From Tehelka Magazine, Vol 5, Issue 2, Dated Jan 19, 2008
ENGAGED CIRCLE  
sexuality

Law Gives Good Cheer To Queers

The Nepal Supreme Court’s decision to repeal laws discriminating against lesbians, gays and transgender people is momentous, say ARVIND NARRAIN and VIVEK DIVAN

DECEMBER 2007 brought some glad tidings for the South Asian gay, lesbian, bisexual and transgender community. In a stunning decision, the Nepal Supreme Court declared that all discriminatory laws against LGBTI (lesbian, gay, bisexual, transgender and intersex) people must be repealed by the government and provision be made for recognition of the human person as not only male or female but also as third gender in terms of citizenship rights based on government documents. The icing on the cake, as it were, was the setting up of a committee by the court to look into whether same-sex marriage would be appropriate taking into account South Asian realities.

The decision of the Nepal Supreme Court is momentous (regardless of whether LGBTI people finally will be allowed to marry in Nepal) because it is at odds with the way courts have treated LGBTI concerns in the kindred regions of South Asia.

Afghanistan, Pakistan, Bangladesh, Maldives, Sri Lanka, Bhutan and the region’s socalled enlightened democracy, India. The only other country in South Asia where the criminalisation of homosexuality and the denial of equal rights to LGBTI people has been challenged is India. The response of the Indian judiciary has been to procrastinate and has so far failed to take a decisive stand.

In the context of South Asia, the larger significance of the Nepal Supreme Court’s decision is the articulation of a deeper meaning to the understanding of democracy. The court, by asserting that LGBTI people are citizens within the meaning of the nation’s Interim Constitution, has shown that it is primarily concerned with justice and fairness and not afraid of the bugbears of ‘tradition’ and ‘values’. The Indian government’s response to the petition challenging the anti-sodomy law, Section 377 of the Indian Penal Code, has been to defend the law as being vital to protect Indian culture from ‘foreign influences’. By contrast, the Nepal Supreme Court showed greater willingness to understand the developments in international law and jurisprudence in protecting the rights of LGBTI people and even develop on international law to suit the Nepali context.

PERHAPS THE central significance of the decision was the remarkable insight and sensitivity, which the court demonstrated in extending protection to the most discriminated section of the Nepali LGBTI population — the metis (transgender). It is the meti community which has been at the forefront of LGBTI struggles in Nepal and at the receiving end of much State and societal violence. The court’s prescience in articulating the rights of this community through the notion of the third gender is important in the South Asian region where the transgender community of hijras, kothis and metis have been at the bottom of the socio-economic hierarchy. In the context of the West, it has often been gays and lesbians who have been given protection by the State through the notion of sexual orientation. By recognising a third gender, the court has asserted that it will be particularly solicitous of the rights of these people.

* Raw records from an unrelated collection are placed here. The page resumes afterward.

(* Under the Rician noise model below with $\sigma>0$ known, the Fisher information matrix with respect to the parameter $D\in\mathbb R^6$ at $D^0$, based on the data $\{S_b:b\in\mathcal B\}$, is $$\mathcal I(D^0;\sigma)=\sum_{b\in\mathcal B}\mathfrak I(\overline S_b;\sigma)\,\overline S_b^2\,x_bx_b^T,$$ where $\mathfrak I(\zeta;\sigma)$, the Fisher information for the parameter $\zeta$ of the Rician density $p_{\zeta,\sigma}$, equals $$\mathfrak I(\zeta;\sigma)=\frac1{\sigma^2}\Big[e^{-\zeta^2/(2\sigma^2)}V\Big(\frac{\zeta}{\sigma}\Big)-\frac{\zeta^2}{\sigma^2}\Big],\qquad V(w)=\int_0^\infty u^3\frac{(I_1(uw))^2}{I_0(uw)}e^{-u^2/2}\,du=\frac1{w^4}\int_0^\infty v^3\frac{(I_1(v))^2}{I_0(v)}e^{-v^2/(2w^2)}\,dv\quad(w>0).$$
   Context: $I_0,I_1$ are the modified Bessel functions of the first kind of orders $0$ and $1$. The Rician density with signal parameter $\zeta\ge0$ and noise parameter $\sigma>0$ is $p_{\zeta,\sigma}(x)=\frac{x}{\sigma^2}\exp\!\big(-\frac{x^2+\zeta^2}{2\sigma^2}\big)I_0\!\big(\frac{x\zeta}{\sigma^2}\big)\mathbf 1(x>0)$. Model: $S_0>0$ known; $\mathcal B$ a finite set of unit vectors $b=(b_1,b_2,b_3)^T\in\mathbb R^3$; $D\in\mathbb R^6$ identified with a symmetric $3\times3$ matrix via $(D_{11},D_{22},D_{33},D_{12},D_{13},D_{23})$; $x_b=(b_1^2,b_2^2,b_3^2,2b_1b_2,2b_1b_3,2b_2b_3)^T$; $\zeta(D,b)=S_0\exp(-x_b^TD)$; the observations $S_b$, $b\in\mathcal B$, are independent with $S_b$ having density $p_{\zeta(D,b),\sigma}$ (equivalently $S_b=\|\zeta(D,b)u_b+\sigma\varepsilon_b\|$ with $u_b\in\mathbb R^2$ unit and $\varepsilon_b\sim N(0,I_2)$ independent); $D^0$ is the true parameter and $\overline S_b=\zeta(D^0,b)$. *)

theory Defs
  imports "HOL-Analysis.Analysis"
begin

definition besselI :: "nat \<Rightarrow> real \<Rightarrow> real" where
  "besselI nu x = (\<Sum>k. (x / 2) ^ (2 * k + nu) / (fact k * fact (k + nu)))"

definition rice_pdf :: "real \<Rightarrow> real \<Rightarrow> real \<Rightarrow> real" where
  "rice_pdf zt sg x =
     (if x > 0 then x / sg\<^sup>2 * exp (- (x\<^sup>2 + zt\<^sup>2) / (2 * sg\<^sup>2))
                    * besselI 0 (x * zt / sg\<^sup>2) else 0)"

definition rice_fisher :: "real \<Rightarrow> real \<Rightarrow> real" where
  "rice_fisher zt sg =
     (\<integral>x. (deriv (\<lambda>z. ln (rice_pdf z sg x)) zt)\<^sup>2 * rice_pdf zt sg x \<partial>lborel)"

In fact, this message of the court is a contribution from the global South to the way the LGBTI community will be shaped in the years to come around the world. We are proud that South Asia has contributed this very important aspect to the contours of queer struggle.

After decades of being told that lesbian, gay, bisexual and transgender people are less than human and therefore do not have rights, Nepal has shown a refreshingly new and enlightened position, one which must be emulated by other nations in South Asia in general, and India in particular, which holds itself out to be a beacon of democracy and progress in the region.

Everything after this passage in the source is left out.